As of the 2020 census, there were 109 people and 45 households residing in the township. The population density was 3.02 /mi2. There were 45 housing units. The racial makeup of the township was 96.3% White and 3.7% from two or more races. Hispanic or Latino of any race were 1.8% of the population.

There were 45 households: 20.0% were married couples living together, 71.1% had a male householder with no wife present, and 8.9% had a female householder with no husband present. The average family size was 2.67.

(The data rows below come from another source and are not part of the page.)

definition D_set :: "'a::euclidean_space \<Rightarrow> real \<Rightarrow> real \<Rightarrow> 'a set" where
  "D_set \<theta>s a r = {\<theta>. inner \<theta> \<theta>s \<ge> a * (norm \<theta>s)\<^sup>2 \<and> norm \<theta> \<le> r * norm \<theta>s}"

end

theory Submission
  imports Defs "HOL-Probability.Probability"
begin

text \<open>
  Substituting \<open>y \<mapsto> -y\<close> in the \<open>-\<theta>*\<close> component of the mixture gives
  \<open>\<langle>M(\<theta>), v\<rangle> = E[(2 \<omega>(\<langle>\<theta>,Y\<rangle>/\<sigma>\<^sup>2) - 1) \<langle>Y, v\<rangle>]\<close> with
  \<open>Y \<sim> N(\<theta>*, \<sigma>\<^sup>2 I)\<close>. Since \<open>2\<omega> - 1 = 1 - 2(1 - \<omega>)\<close>,
  \<open>1 - \<omega>(t) \<le> exp (-k t)\<close> for \<open>0 \<le> k \<le> 2\<close> and
  \<open>|x| \<le> (exp (\<epsilon> x) + exp (-\<epsilon> x)) / (e \<epsilon>)\<close>, the deficit
  \<open>\<parallel>\<theta>*\<parallel>\<^sup>2 - \<langle>M(\<theta>),\<theta>*\<rangle>\<close> is bounded by two Gaussian moment generating
  functions, which are explicit. With \<open>\<epsilon> = 1/\<parallel>\<theta>*\<parallel>\<^sup>2\<close> and \<open>k = a/r\<^sup>2\<close> the
  signal-to-noise hypothesis makes each exponent at most \<open>1 + \<sigma>\<^sup>2/(2\<parallel>\<theta>*\<parallel>\<^sup>2) - 5L/2\<close>,
  where \<open>L = log (2/(1 - a/\<kappa>\<^sub>1))\<close>, so the deficit is at most
  \<open>2 e\<^sup>-\<^sup>L \<parallel>\<theta>*\<parallel>\<^sup>2 = (1 - a/\<kappa>\<^sub>1) \<parallel>\<theta>*\<parallel>\<^sup>2\<close>.
\<close>

lemma gauss_density_eq_prod_normal_density:
  fixes \<mu> y :: "'a::euclidean_space"
  shows "gauss_density \<mu> \<sigma> y = (\<Prod>b\<in>Basis. normal_density (\<mu> \<bullet> b) \<sigma> (y \<bullet> b))"
proof -
  have "(norm (y - \<mu>))\<^sup>2 = (\<Sum>b\<in>Basis. (y \<bullet> b - \<mu> \<bullet> b)\<^sup>2)"
    unfolding power2_norm_eq_inner
    by (subst euclidean_inner) (simp add: inner_diff_left power2_eq_square)
  then have "exp (- (norm (y - \<mu>))\<^sup>2 / (2 * \<sigma>\<^sup>2))
      = (\<Prod>b\<in>Basis. exp (- (y \<bullet> b - \<mu> \<bullet> b)\<^sup>2 / (2 * \<sigma>\<^sup>2)))"
    by (simp add: exp_sum[symmetric] sum_divide_distrib sum_negf)
  then show ?thesis
    unfolding gauss_density_def normal_density_def
    by (simp add: prod_dividef prod_constant)
qed

lemma gauss_density_nonneg: "0 \<le> gauss_density \<mu> \<sigma> y"
  unfolding gauss_density_def by simp

lemma borel_measurable_gauss_density[measurable]: "gauss_density \<mu> \<sigma> \<in> borel_measurable borel"
  unfolding gauss_density_def by measurable

lemma nn_integral_gauss_density:
  fixes \<mu> :: "'a::euclidean_space"
  assumes "\<sigma> > 0"
  shows "(\<integral>\<^sup>+y. ennreal (gauss_density \<mu> \<sigma> y) \<partial>lborel) = 1"
proof -
  have "(\<integral>\<^sup>+y. ennreal (gauss_density \<mu> \<sigma> y) \<partial>lborel)
      = (\<integral>\<^sup>+y. (\<Prod>b\<in>Basis. ennreal (normal_density (\<mu> \<bullet> b) \<sigma> (y \<bullet> b))) \<partial>lborel)"
    by (simp add: gauss_density_eq_prod_normal_density prod_ennreal)
  also have "\<dots> = (\<Prod>b\<in>Basis. \<integral>\<^sup>+x. ennreal (normal_density (\<mu> \<bullet> b) \<sigma> x) \<partial>lborel)"
    by (rule nn_integral_lborel_prod) auto
  also have "\<dots> = 1"
    using assms by (simp add: nn_integral_eq_integral)
  finally show ?thesis .
qed

lemma integral_lborel_translate:
  fixes f :: "'a::euclidean_space \<Rightarrow> 'b::{banach, second_countable_topology}"
  assumes [measurable]: "f \<in> borel_measurable borel"
  shows "(\<integral>x. f x \<partial>lborel) = (\<integral>x. f (c + x) \<partial>lborel)"
proof -
  have "(\<integral>x. f x \<partial>lborel) = (\<integral>x. f x \<partial>distr lborel borel ((+) c))"
    by (simp add: lborel_distr_plus)
  also have "\<dots> = (\<integral>x. f (c + x) \<partial>lborel)"
    by (subst integral_distr) auto
  finally show ?thesis .
qed

lemma integral_lborel_reflect:
  fixes f :: "'a::euclidean_space \<Rightarrow> 'b::{banach, second_countable_topology}"
  assumes [measurable]: "f \<in> borel_measurable borel"
  shows "(\<integral>x. f x \<partial>lborel) = (\<integral>x. f (- x) \<partial>lborel)"
proof -
  have "distr lborel borel uminus = (lborel :: 'a measure)"
    using lborel_affine[of "-1" "0::'a"] by (simp add: density_1)
  then have "(\<integral>x. f x \<partial>lborel) = (\<integral>x. f x \<partial>distr lborel borel uminus)"
    by simp
  also have "\<dots> = (\<integral>x. f (- x) \<partial>lborel)"
    by (subst integral_distr) auto
  finally show ?thesis .
qed

lemma gauss_density_translate: "gauss_density \<mu> \<sigma> (\<mu> + z) = gauss_density 0 \<sigma> z"
  by (simp add: gauss_density_def)

lemma gauss_density_uminus: "gauss_density (- \<mu>) \<sigma> (- y) = gauss_density \<mu> \<sigma> y"
  unfolding gauss_density_def by (simp add: norm_minus_commute)

lemma exp_inner_mult_gauss_density:
  fixes b y \<mu> :: "'a::euclidean_space"
  assumes "\<sigma> > 0"
  shows "exp (b \<bullet> y) * gauss_density \<mu> \<sigma> y
       = exp (b \<bullet> \<mu> + \<sigma>\<^sup>2 * (norm b)\<^sup>2 / 2) * gauss_density (\<mu> + \<sigma>\<^sup>2 *\<^sub>R b) \<sigma> y"
proof -
  have square: "(norm (y - (\<mu> + \<sigma>\<^sup>2 *\<^sub>R b)))\<^sup>2
      = (norm (y - \<mu>))\<^sup>2 - 2 * \<sigma>\<^sup>2 * (b \<bullet> y - b \<bullet> \<mu>) + \<sigma>\<^sup>2 * \<sigma>\<^sup>2 * (norm b)\<^sup>2"
    unfolding power2_norm_eq_inner
    by (simp add: inner_diff_left inner_diff_right inner_add_left inner_add_right
        inner_commute algebra_simps power2_eq_square)
  have "b \<bullet> y - (norm (y - \<mu>))\<^sup>2 / (2 * \<sigma>\<^sup>2)
      = b \<bullet> \<mu> + \<sigma>\<^sup>2 * (norm b)\<^sup>2 / 2 - (norm (y - (\<mu> + \<sigma>\<^sup>2 *\<^sub>R b)))\<^sup>2 / (2 * \<sigma>\<^sup>2)"
    unfolding square using assms by (simp add: field_simps power2_eq_square)
  then have "exp (b \<bullet> y) * exp (- (norm (y - \<mu>))\<^sup>2 / (2 * \<sigma>\<^sup>2))
      = exp (b \<bullet> \<mu> + \<sigma>\<^sup>2 * (norm b)\<^sup>2 / 2) * exp (- (norm (y - (\<mu> + \<sigma>\<^sup>2 *\<^sub>R b)))\<^sup>2 / (2 * \<sigma>\<^sup>2))"
    by (simp add: exp_add[symmetric] algebra_simps)
  then show ?thesis
    unfolding gauss_density_def by (simp add: field_simps)
qed
(* Let $S$ be a (left and right) Ore set in a ring $R$. Then there exists a pair $(Q,f)$, with $Q$ a ring and $f:R\to Q$ a ring homomorphism, such that (i) $f(s)$ is a unit of $Q$ for all $s\in S$, and for every pair $(Q',f')$ satisfying (i) there is a unique ring homomorphism $h:Q\to Q'$ with $f'=hf$. The ring $Q$ is unique up to isomorphism and is isomorphic to the localization of $R/\mathfrak p(S)$ at $\pi(S)$, where $\pi:R\to R/\mathfrak p(S)$ is the canonical map and $\pi(S)$ is a left and right denominator set of $R/\mathfrak p(S)$ consisting of regular elements.
   Context: Rings are associative with $1$. A multiplicatively closed subset $S$ ($1\in S$, $0\notin S$) is an Ore set if $Sr\cap Rs\ne\emptyset$ and $rS\cap sR\ne\emptyset$ for all $r\in R,s\in S$; a (left and right) denominator set is an Ore set such that $rs=0$ ($s\in S$) implies $tr=0$ for some $t\in S$ and $sr=0$ implies $rt=0$ for some $t\in S$. For a ring $B$ and $T\subseteq B$, $\mathrm{ass}_l(T,B):=\{b\mid tb=0\text{ for some }t\in T\}$, $\mathrm{ass}_r(T,B):=\{b\mid bt=0\text{ for some }t\in T\}$. Define ideals $\mathfrak p_\alpha$ ($\alpha\ge1$ ordinals): $\mathfrak p_1:=\mathrm{ass}_l(S,R)+\mathrm{ass}_r(S,R)$; $\mathfrak p_{\alpha+1}:=\pi_\alpha^{-1}(\mathrm{ass}_l(\pi_\alpha(S),R/\mathfrak p_\alpha)+\mathrm{ass}_r(\pi_\alpha(S),R/\mathfrak p_\alpha))$ with $\pi_\alpha:R\to R/\mathfrak p_\alpha$ canonical; $\mathfrak p_\alpha:=\bigcup_{\beta<\alpha}\mathfrak p_\beta$ for limit $\alpha$; $\mathfrak p(S):=\bigcup_\alpha\mathfrak p_\alpha$. *)

theory Defs
  imports "HOL-Algebra.Algebra"
begin

definition ore_set :: "('a, 'm) ring_scheme \<Rightarrow> 'a set \<Rightarrow> bool" where
  "ore_set R S \<longleftrightarrow> S \<subseteq> carrier R \<and> \<one>\<^bsub>R\<^esub> \<in> S \<and> \<zero>\<^bsub>R\<^esub> \<notin> S \<and>
     (\<forall>s\<in>S. \<forall>t\<in>S. s \<otimes>\<^bsub>R\<^esub> t \<in> S) \<and>
     (\<forall>r\<in>carrier R. \<forall>s\<in>S.
        (\<exists>s'\<in>S. \<exists>r'\<in>carrier R. s' \<otimes>\<^bsub>R\<^esub> r = r' \<otimes>\<^bsub>R\<^esub> s) \<and>
        (\<exists>s'\<in>S. \<exists>r'\<in>carrier R. r \<otimes>\<^bsub>R\<^esub> s' = s \<otimes>\<^bsub>R\<^esub> r'))"

definition denominator_set :: "('a, 'm) ring_scheme \<Rightarrow> 'a set \<Rightarrow> bool" where
  "denominator_set R S \<longleftrightarrow> ore_set R S \<and>
     (\<forall>r\<in>carrier R. \<forall>s\<in>S. r \<otimes>\<^bsub>R\<^esub> s = \<zero>\<^bsub>R\<^esub> \<longrightarrow> (\<exists>t\<in>S. t \<otimes>\<^bsub>R\<^esub> r = \<zero>\<^bsub>R\<^esub>)) \<and>
     (\<forall>r\<in>carrier R. \<forall>s\<in>S. s \<otimes>\<^bsub>R\<^esub> r = \<zero>\<^bsub>R\<^esub> \<longrightarrow> (\<exists>t\<in>S. r \<otimes>\<^bsub>R\<^esub> t = \<zero>\<^bsub>R\<^esub>))"
(* Let $\mathsf{Pos}(n)$ be the open cone of $n\times n$ real symmetric positive definite matrices in the space of symmetric matrices. Then $r(\mathsf{Pos}(n))=n$.
   Context: For an open acute convex cone $c$ in a finite-dimensional real vector space, its rank $r(c)$ is the infimum of positive integers $N$ with the property: whenever $v_0,v_1,\dots,v_N\in\overline c-\{0\}$ satisfy $\sum_{i=0}^Nv_i\in c$, there is an index $0\le j\le N$ with $\sum_{0\le i\le N,\,i\ne j}v_i\in c$. Here $\overline{\mathsf{Pos}(n)}$ is the cone of positive semidefinite matrices. *)

theory Defs
  imports "HOL-Analysis.Analysis" "HOL-Library.Extended_Nat"
begin

definition cone_rank_prop :: "'a::real_normed_vector set \<Rightarrow> nat \<Rightarrow> bool" where
  "cone_rank_prop c N \<longleftrightarrow>
     (\<forall>v :: nat \<Rightarrow> 'a.
        (\<forall>i\<le>N. v i \<in> closure c - {0}) \<longrightarrow> (\<Sum>i\<le>N. v i) \<in> c \<longrightarrow>
        (\<exists>j\<le>N. (\<Sum>i\<in>{..N} - {j}. v i) \<in> c))"

definition cone_rank :: "'a::real_normed_vector set \<Rightarrow> enat" where
  "cone_rank c = (INF N \<in> {N::nat. 0 < N \<and> cone_rank_prop c N}. enat N)"

text \<open>Open cone of real symmetric positive definite matrices; all its elements are symmetric,
so it lives in the subspace of symmetric matrices (which is closed in the matrix space).\<close>
definition Pos :: "(real^'n^'n) set" where
  "Pos = {A. transpose A = A \<and> (\<forall>x::real^'n. x \<noteq> 0 \<longrightarrow> 0 < x \<bullet> (A *v x))}"
lemma Plus_in: "1 \<le> a \<Longrightarrow> a < b \<Longrightarrow> b \<le> n \<Longrightarrow> eps a + eps b \<in> pos_roots t n"
  unfolding pos_roots_def pos_labels_def by (rule image_eqI[of _ _ "Plus a b"]) auto

lemma Short_in: "1 \<le> a \<Longrightarrow> a \<le> n \<Longrightarrow> eps a \<in> pos_roots TypeB n"
  unfolding pos_roots_def pos_labels_def by (rule image_eqI[of _ _ "Short a"]) auto

lemma Long_in: "1 \<le> a \<Longrightarrow> a \<le> n \<Longrightarrow> 2 * eps a \<in> pos_roots TypeC n"
  unfolding pos_roots_def pos_labels_def by (rule image_eqI[of _ _ "Long a"]) auto

lemma label_leading_coord:
  assumes "l \<in> pos_labels t n"
  shows "1 \<le> rcol l" "rcol l \<le> n" "rvec l (rcol l) > 0" "\<forall>k < rcol l. rvec l k = 0"
  using assms by (cases rule: pos_labels_cases; simp add: eps_apply)+

definition all_roots :: "rtype \<Rightarrow> nat \<Rightarrow> vec set" where
  "all_roots t n = pos_roots t n \<union> uminus ` pos_roots t n"

lemma neg_root_leading:
  assumes "v \<in> uminus ` pos_roots t n"
  obtains m where "1 \<le> m" "m \<le> n" "\<forall>k<m. v k = 0" "v m < 0"
proof -
  obtain l where "l \<in> pos_labels t n" "v = - rvec l"
    using assms unfolding pos_roots_def by auto
  then show ?thesis using label_leading_coord that[of "rcol l"] by auto
qed

lemma pos_root_not_neg:
  assumes "v \<in> pos_roots t n" shows "v \<notin> uminus ` pos_roots t n"
proof
  assume "v \<in> uminus ` pos_roots t n"
  then obtain m where m: "\<forall>k<m. v k = 0" "v m < 0" by (rule neg_root_leading)
  obtain l where l: "l \<in> pos_labels t n" "v = rvec l" using assms unfolding pos_roots_def by auto
  show False
    using label_leading_coord(3,4)[OF l(1)] m l(2) by (cases "rcol l" m rule: linorder_cases) auto
qed

lemma neg_root_if_leading_negative:
  assumes "v \<in> all_roots t n" "1 \<le> m" "\<forall>k. 1 \<le> k \<and> k < m \<longrightarrow> v k = 0" "v m < 0"
  shows "v \<in> uminus ` pos_roots t n"
proof (rule ccontr)
  assume "v \<notin> uminus ` pos_roots t n"
  then obtain l where l: "l \<in> pos_labels t n" "v = rvec l"
    using assms(1) unfolding all_roots_def pos_roots_def by auto
  show False
    using label_leading_coord(1,3,4)[OF l(1)] assms(2-4) l(2)
    by (cases "rcol l" m rule: linorder_cases) auto
qed

lemma pos_root_first_coord:
  assumes "v \<in> pos_roots t n"
  shows "v 1 \<ge> 0" and "v 1 \<noteq> 0 \<Longrightarrow> v \<in> col_set t n 1"
proof -
  obtain l where l: "l \<in> pos_labels t n" "v = rvec l" using assms unfolding pos_roots_def by auto
  show "v 1 \<ge> 0"
    using l(1) by (cases rule: pos_labels_cases) (use l in \<open>auto simp: eps_apply\<close>)
  assume "v 1 \<noteq> 0"
  with l have "rcol l = 1"
    by (cases rule: pos_labels_cases) (auto simp: eps_apply split: if_splits)
  then show "v \<in> col_set t n 1" using l unfolding col_set_def by auto
qed

lemma pos_root_neg_coord:
  assumes "v \<in> pos_roots t n" "v j < 0"
  shows "\<exists>a. 1 \<le> a \<and> a < j \<and> v = eps a - eps j"
proof -
  obtain l where l: "l \<in> pos_labels t n" "v = rvec l" using assms unfolding pos_roots_def by auto
  from l(1) show ?thesis
    by (cases rule: pos_labels_cases) (use l assms(2) in \<open>auto simp: eps_apply split: if_splits\<close>)
qed

lemma pos_root_in_col1:
  assumes "v \<in> pos_roots t n" "v 1 \<noteq> 0" "v b \<noteq> 0" "b \<noteq> 1"
  shows "v = (\<lambda>i. eps 1 i + v b * eps b i)" "v b = 1 \<or> v b = -1"
proof -
  obtain l where l: "l \<in> pos_labels t n" "v = rvec l" using assms unfolding pos_roots_def by auto
  from l(1) show "v = (\<lambda>i. eps 1 i + v b * eps b i)" "v b = 1 \<or> v b = -1"
    by (cases rule: pos_labels_cases; use l assms(2-4) in \<open>auto simp: eps_apply fun_eq_iff split: if_splits\<close>)+
qed

lemma coord_sum_pos_root:
  assumes "v \<in> pos_roots t n"
  shows "(\<Sum>k\<in>{1..n}. v k) \<ge> 0"
    and "(\<Sum>k\<in>{1..n}. v k) = 0 \<Longrightarrow> \<exists>a b. 1 \<le> a \<and> a < b \<and> b \<le> n \<and> v = eps a - eps b"
proof -
  have sum_eps: "sum (eps a) {Suc 0..n} = 1" if "1 \<le> a" "a \<le> n" for a
    using that by (simp add: eps_apply)
  obtain l where l: "l \<in> pos_labels t n" "v = rvec l" using assms unfolding pos_roots_def by auto
  show "(\<Sum>k\<in>{1..n}. v k) \<ge> 0"
    using l(1) by (cases rule: pos_labels_cases)
      (use l in \<open>auto simp: sum_eps sum_subtractf sum.distrib sum_distrib_left[symmetric]\<close>)
  assume "(\<Sum>k\<in>{1..n}. v k) = 0"
  with l show "\<exists>a b. 1 \<le> a \<and> a < b \<and> b \<le> n \<and> v = eps a - eps b"
    by (cases rule: pos_labels_cases)
      (auto simp: sum_eps sum_subtractf sum.distrib sum_distrib_left[symmetric])
qed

In the township, the population was spread out, with 0.0% under the age of 18, 0.0% from 18 to 24, 3.7% from 25 to 44, 38.5% from 45 to 64, and 17.4% who were 65 years of age or older. The median age was 63.0 years. For every 100 females, there were 225.0 males.

Historical population
| Census | Pop. | Note | %± |
| 1890 | 709 |  | — |
| 1900 | 1,088 |  | 53.5% |
| 1910 | 431 |  | −60.4% |
| 1920 | 488 |  | 13.2% |
| 1930 | 440 |  | −9.8% |
| 1940 | 467 |  | 6.1% |
| 1950 | 350 |  | −25.1% |
| 1960 | 288 |  | −17.7% |
| 1970 | 205 |  | −28.8% |
| 1980 | 146 |  | −28.8% |
| 1990 | 136 |  | −6.8% |
| 2000 | 147 |  | 8.1% |
| 2010 | 150 |  | 2.0% |
| 2020 | 109 |  | −27.3% |
U.S. Decennial Census

==Education==
Lincoln Township lies within Russell County USD 407.

==Transportation==
U.S. Route 281 runs north–south through the township, connecting to a network of mostly unpaved county roads laid out in a rough grid pattern across the township. Milberger Road, a paved county road, zigzags west and south from its junction with U.S. 281 in the north of the township, running north–south through Milberger before turning west along the county line and exiting the township. Michaelis Road runs east–west through Milberger and is paved east of its intersection with U.S. 281.